I
Hi Michael,
Thanks a lot for having a look at the query once again in more detail. In short, you are right, I fired the liquibase scripts and observed the exact query that was hanging in pg_stats_activity. The query was:
SELECT FK.TABLE_NAME as "TABLE_NAME" , CU.COLUMN_NAME as "COLUMN_NAME" , PK.TABLE_NAME as "REFERENCED_TABLE_NAME" , PT.COLUMN_NAME as "REFERENCED_COLUMN_NAME" , C.CONSTRAINT_NAME as "CONSTRAINT_NAME" FROM INFORMATION_SCHEMA.REFERENTIAL_CONSTRAINTS C INNER JOIN INFORMATION_SCHEMA.TABLE_CONSTRAINTS FK ON C.CONSTRAINT_NAME = FK.CONSTRAINT_NAME INNER JOIN INFORMATION_SCHEMA.TABLE_CONSTRAINTS PK ON C.UNIQUE_CONSTRAINT_NAME = PK.CONSTRAINT_NAME INNER JOIN INFORMATION_SCHEMA.KEY_COLUMN_USAGE CU ON C.CONSTRAINT_NAME = CU.CONSTRAINT_NAME INNER JOIN ( SELECT i1.TABLE_NAME , i2.COLUMN_NAME FROM INFORMATION_SCHEMA.TABLE_CONSTRAINTS i1 INNER JOIN INFORMATION_SCHEMA.KEY_COLUMN_USAGE i2 ON i1.CONSTRAINT_NAME = i2.CONSTRAINT_NAME WHERE i1.CONSTRAINT_TYPE = 'PRIMARY KEY' ) PT ON PT.TABLE_NAME = PK.TABLE_NAME WHERE lower(FK.TABLE_NAME)='secrole_condcollection'
I rerun this query twice. Once with
set enable_hashjoin = false; and
set enable_hashjoin = true;
. I observed that the join order was very, very similar between the hash and index plans. I reran the above two queries with
random_page_cost to 2, 1.5, or 1.0 and observed no difference whatsoever, the planner was always choosing the hashjoins over sort/index nested loops. the
seq_page_cost is set to default value 1. The tables behind the views do not have more than 10K rows, and do not exceed 400KB of space. The work_mem parameter is set to 256MB, effective cache is 9GB, the machine has something around 32-64GB of RAM, SSD as the primary drive, 140 default connections. The query planner, of course thinks that the overall nested loop including hashes is better:
cost=2174.36..13670.47 (hash)
vs
cost=1736.10..18890.44 (index/sort join)
but I think there's a problem there, cause I don't think that one can reuse the pre-computed hashes over and over again, while sort/index joins end up hitting the same buffers, or am I wrong?

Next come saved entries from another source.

(* Let $d\ge3$, let $\mathcal{H}_A=\mathcal{H}_B=\mathbb{C}^d$ with fixed orthonormal bases, and $\mathcal{H}=\mathcal{H}_A\otimes\mathcal{H}_B$. None of the Werner states $\rho_W(t)=1-tF$ with $t\in(1/d,1/2]$ is $2$-distillable if and only if $$\|X\otimes U+Y\otimes V\|^2-\tfrac12\|X^TU+Y^TV\|^2-\tfrac12\|UX^T+VY^T\|^2+\tfrac14|\operatorname{tr}(X^TU+Y^TV)|^2\ge0$$ for all $X,Y,U,V\in M_d(\mathbb{C})$.
   Context: The flip operator is $F=\sum_{i,j}|i,j\rangle\langle j,i|$ on $\mathcal{H}$; its partial transpose is $dP$ with $P=\frac1d\sum_{i,j}|i,i\rangle\langle j,j|$, so the partial transpose of $\rho_W(t)$ is $1-tdP$. A bipartite state $\rho$ on $\mathcal{H}$ is called $k$-distillable if there exists a (non-normalized) vector $|\psi\rangle\in\mathcal{H}^{\otimes k}$, regarded as a bipartite vector in $\mathcal{H}_A^{\otimes k}\otimes\mathcal{H}_B^{\otimes k}$, of Schmidt rank at most two such that $\langle\psi|\sigma^{\otimes k}|\psi\rangle<0$, where $\sigma=1\otimes T(\rho)$ is the partial transpose of $\rho$. $\|Z\|^2=\operatorname{tr}(Z^\dagger Z)$ is the Frobenius norm, and $A\otimes B=[a_{ij}B]$ for $A=[a_{ij}]$. *)

theory Defs
  imports Complex_Main
begin

(* Operators on H = C^d (x) C^d are functions on index pairs (i,j), i,j < d:
   op a b = <a| op |b>.  Matrices in M_d(C) are functions nat => nat => complex,
   only entries with indices < d matter. *)

type_synonym bop = "nat \<times> nat \<Rightarrow> nat \<times> nat \<Rightarrow> complex"
type_synonym cmat = "nat \<Rightarrow> nat \<Rightarrow> complex"

definition flip :: bop where
  "flip = (\<lambda>(i, j) (k, l). if i = l \<and> j = k then 1 else 0)"

definition werner :: "real \<Rightarrow> bop" where
  "werner t = (\<lambda>a b. (if a = b then 1 else 0) - complex_of_real t * flip a b)"

definition ptrans :: "bop \<Rightarrow> bop" where
  "ptrans \<rho> = (\<lambda>(i, j) (k, l). \<rho> (i, l) (k, j))"

text \<open>Basis index set of H^(x)k: lists of k pairs (a_n, b_n) with a_n, b_n < d.\<close>
definition idx :: "nat \<Rightarrow> nat \<Rightarrow> (nat \<times> nat) list set" where
  "idx d k = {xs. length xs = k \<and> set xs \<subseteq> {0..<d} \<times> {0..<d}}"

definition tensor_power_form :: "nat \<Rightarrow> nat \<Rightarrow> bop \<Rightarrow> ((nat \<times> nat) list \<Rightarrow> complex) \<Rightarrow> complex" where
  "tensor_power_form d k \<sigma> \<psi> =
     (\<Sum>x\<in>idx d k. \<Sum>y\<in>idx d k. cnj (\<psi> x) * (\<Prod>n<k. \<sigma> (x ! n) (y ! n)) * \<psi> y)"

text \<open>Schmidt rank at most r of psi regarded as a vector in H_A^(x)k (x) H_B^(x)k:
  psi is a sum of r product vectors alpha_m (x) beta_m (the A-index of basis vector x
  is map fst x, the B-index is map snd x).\<close>
definition schmidt_rank_le :: "nat \<Rightarrow> nat \<Rightarrow> nat \<Rightarrow> ((nat \<times> nat) list \<Rightarrow> complex) \<Rightarrow> bool" where
  "schmidt_rank_le d k r \<psi> \<longleftrightarrow>
     (\<exists>\<alpha> \<beta> :: nat \<Rightarrow> nat list \<Rightarrow> complex.
        \<forall>x\<in>idx d k. \<psi> x = (\<Sum>m<r. \<alpha> m (map fst x) * \<beta> m (map snd x)))"

definition k_distillable :: "nat \<Rightarrow> nat \<Rightarrow> bop \<Rightarrow> bool" where
  "k_distillable d k \<rho> \<longleftrightarrow>
     (\<exists>\<psi>. schmidt_rank_le d k 2 \<psi> \<and>
        (let q = tensor_power_form d k (ptrans \<rho>) \<psi> in Im q = 0 \<and> Re q < 0))"

definition mtrans :: "cmat \<Rightarrow> cmat" where
  "mtrans X = (\<lambda>i j. X j i)"

definition mmult :: "nat \<Rightarrow> cmat \<Rightarrow> cmat \<Rightarrow> cmat" where
  "mmult d X Y = (\<lambda>i j. \<Sum>m<d. X i m * Y m j)"

definition madd :: "cmat \<Rightarrow> cmat \<Rightarrow> cmat" where
  "madd X Y = (\<lambda>i j. X i j + Y i j)"

definition mtrace :: "nat \<Rightarrow> cmat \<Rightarrow> complex" where
  "mtrace d X = (\<Sum>i<d. X i i)"

definition frob_sq :: "nat \<Rightarrow> cmat \<Rightarrow> real" where
  "frob_sq d Z = (\<Sum>i<d. \<Sum>j<d. (cmod (Z i j))\<^sup>2)"

text \<open>Kronecker product A (x) B = [a_ij B] of d x d matrices, a d^2 x d^2 matrix
  with row index d*i+k and column index d*j+l.\<close>
definition kron :: "nat \<Rightarrow> cmat \<Rightarrow> cmat \<Rightarrow> cmat" where
  "kron d A B = (\<lambda>r c. A (r div d) (c div d) * B (r mod d) (c mod d))"

end

theory Submission
  imports Defs
begin

text \<open>
  Write a vector of \<open>H \<otimes> H\<close> as an array \<open>\<phi> p q\<close>, \<open>p\<close> and \<open>q\<close> indexing the two copies of \<open>H\<close>.
  The partial transpose of \<open>\<rho>\<^sub>W(t)\<close> is \<open>1 - t \<Phi>\<Phi>\<^sup>*\<close> with \<open>\<Phi> = \<Sum>\<^sub>k |kk\<rangle>\<close>, so
  \<open>\<langle>\<phi>|\<sigma>\<otimes>\<sigma>|\<phi>\<rangle> = N - t B\<^sub>1 - t B\<^sub>2 + t\<^sup>2 C\<close>, where \<open>N = \<parallel>\<phi>\<parallel>\<^sup>2\<close> and \<open>B\<^sub>1, B\<^sub>2, C\<close> are the
  squared norms of the contractions of \<open>\<phi>\<close> with \<open>\<Phi>\<close> in the first, second and both copies.
  For \<open>\<phi> = X\<otimes>U + Y\<otimes>V\<close> (Schmidt rank at most two) these quantities are the Frobenius norms
  and the trace of the matrix inequality, which is therefore the value of the form at \<open>t = 1/2\<close>.
  Conversely, the inequality at \<open>t = 1/2\<close> applied to states supported on a single basis vector
  of one copy gives \<open>B\<^sub>1, B\<^sub>2 \<le> 2N\<close>, and then
  \<open>N - tB\<^sub>1 - tB\<^sub>2 + t\<^sup>2C = (1-2t)\<^sup>2N + 2t(1-2t)(2N - B\<^sub>1/2 - B\<^sub>2/2) + 4t\<^sup>2(value at 1/2)\<close>
  is nonnegative for all \<open>0 \<le> t \<le> 1/2\<close>.
\<close>

type_synonym vec2 = "nat \<times> nat \<Rightarrow> nat \<times> nat \<Rightarrow> complex"

abbreviation pairs :: "nat \<Rightarrow> (nat \<times> nat) set" where
  "pairs d \<equiv> {..<d} \<times> {..<d}"

lemma sum_pairs: "(\<Sum>p\<in>pairs d. f p) = (\<Sum>a<d. \<Sum>b<d. f (a, b))"
  by (simp add: sum.cartesian_product)

lemma sum_pairs_diag: "(\<Sum>p\<in>pairs d. if fst p = snd p then f p else 0) = (\<Sum>k<d. f (k, k))"
  unfolding sum_pairs by simp

lemma sum_lessThan_square:
  fixes d :: nat
  assumes "0 < d"
  shows "(\<Sum>r<d * d. f r) = (\<Sum>a<d. \<Sum>b<d. f (d * a + b))"
proof -
  have "(\<Sum>r<d * d. f r) = (\<Sum>p\<in>pairs d. f (d * fst p + snd p))"
  proof (rule sum.reindex_bij_witness[where i = "\<lambda>p. d * fst p + snd p" and j = "\<lambda>r. (r div d, r mod d)"])
    fix p assume "p \<in> pairs d"
    then have "d * fst p + snd p < d * (fst p + 1)" "fst p + 1 \<le> d" by auto
    then show "d * fst p + snd p \<in> {..<d * d}"
      by (metis lessThan_iff mult_le_mono2 order_less_le_trans)
  qed (use assms in \<open>auto simp: less_mult_imp_div_less\<close>)
  then show ?thesis unfolding sum_pairs by simp
qed

lemma idx_2: "idx d 2 = (\<lambda>(p, q). [p, q]) ` (pairs d \<times> pairs d)"
  unfolding idx_def by (auto simp: numeral_2_eq_2 length_Suc_conv)

lemma sum_idx_2: "(\<Sum>x\<in>idx d 2. f x) = (\<Sum>p\<in>pairs d. \<Sum>q\<in>pairs d. f [p, q])"
proof -
  have "inj_on (\<lambda>(p, q). [p, q]) (pairs d \<times> pairs d)" by (auto simp: inj_on_def)
  then show ?thesis
    unfolding idx_2 by (simp add: sum.reindex sum.cartesian_product split_def)
qed

lemma tensor_power_form_2:
  "tensor_power_form d 2 \<sigma> \<psi> =
     (\<Sum>p\<in>pairs d. \<Sum>q\<in>pairs d. cnj (\<psi> [p, q]) *
        (\<Sum>p'\<in>pairs d. \<sigma> p p' * (\<Sum>q'\<in>pairs d. \<sigma> q q' * \<psi> [p', q'])))"
  unfolding tensor_power_form_def sum_idx_2
  by (simp add: numeral_2_eq_2 sum_distrib_left mult_ac)

lemma ptrans_werner:
  "ptrans (werner t) p p' =
     (if p = p' then 1 else 0) - of_real t * (if fst p = snd p \<and> fst p' = snd p' then 1 else 0)"
  by (cases p; cases p') (auto simp: ptrans_def werner_def flip_def)

lemma ptrans_werner_apply:
  assumes "p \<in> pairs d"
  shows "(\<Sum>p'\<in>pairs d. ptrans (werner t) p p' * f p') =
    f p - of_real t * (if fst p = snd p then \<Sum>k<d. f (k, k) else 0)"
proof -
  have "ptrans (werner t) p p' * f p' =
      (if p = p' then f p' else 0)
      - of_real t * (if fst p = snd p then 1 else 0) * (if fst p' = snd p' then f p' else 0)" for p'
    by (simp add: ptrans_werner algebra_simps)
  then show ?thesis
    using assms by (simp add: sum_subtractf sum_distrib_left[symmetric] sum_pairs_diag)
qed

definition norm2 :: "nat \<Rightarrow> vec2 \<Rightarrow> real" where
  "norm2 d \<phi> = (\<Sum>p\<in>pairs d. \<Sum>q\<in>pairs d. (cmod (\<phi> p q))\<^sup>2)"

definition contract_fst_norm2 :: "nat \<Rightarrow> vec2 \<Rightarrow> real" where
  "contract_fst_norm2 d \<phi> = (\<Sum>q\<in>pairs d. (cmod (\<Sum>k<d. \<phi> (k, k) q))\<^sup>2)"

definition contract_snd_norm2 :: "nat \<Rightarrow> vec2 \<Rightarrow> real" where
  "contract_snd_norm2 d \<phi> = (\<Sum>p\<in>pairs d. (cmod (\<Sum>k<d. \<phi> p (k, k)))\<^sup>2)"

definition contract_both_norm2 :: "nat \<Rightarrow> vec2 \<Rightarrow> real" where
  "contract_both_norm2 d \<phi> = (cmod (\<Sum>k<d. \<Sum>l<d. \<phi> (k, k) (l, l)))\<^sup>2"

definition werner_form :: "nat \<Rightarrow> real \<Rightarrow> vec2 \<Rightarrow> real" where
  "werner_form d t \<phi> =
     norm2 d \<phi> - t * contract_fst_norm2 d \<phi> - t * contract_snd_norm2 d \<phi>
     + t\<^sup>2 * contract_both_norm2 d \<phi>"

lemma norm2_nonneg: "0 \<le> norm2 d \<phi>"
  unfolding norm2_def by (intro sum_nonneg) simp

More details about the query plans as well as the complete set of settings can be found in the original email at https://www.postgresql.org/message-id/CAAUL%3DcFcvUo%3D7b4T-K5PqiqrF6etp59qcgv77DyK2Swa4VhYuQ%40mail.gmail.com
If you could have another look into what's going on, I'd appreciate it a lot. in postgres 9.6 our setup goes through the liquibase scripts in 5 minutes, and pg12 with hash joins may take up to 1.5 hours.
Cheers,
Arturas
On Mon, Sep 27, 2021 at 4:12 PM Michael Lewis <mlewis@xxxxxxxxxxx> wrote:
I'm unclear what you changed to get the planner to choose one vs the other. Did you disable hashjoins? Without the full plan to review, it is tough to agre with any conclusion that these particular nodes are troublesome. It might be that this was the right choice for that part of that plan, but improper estimates at a earlier step were problematic.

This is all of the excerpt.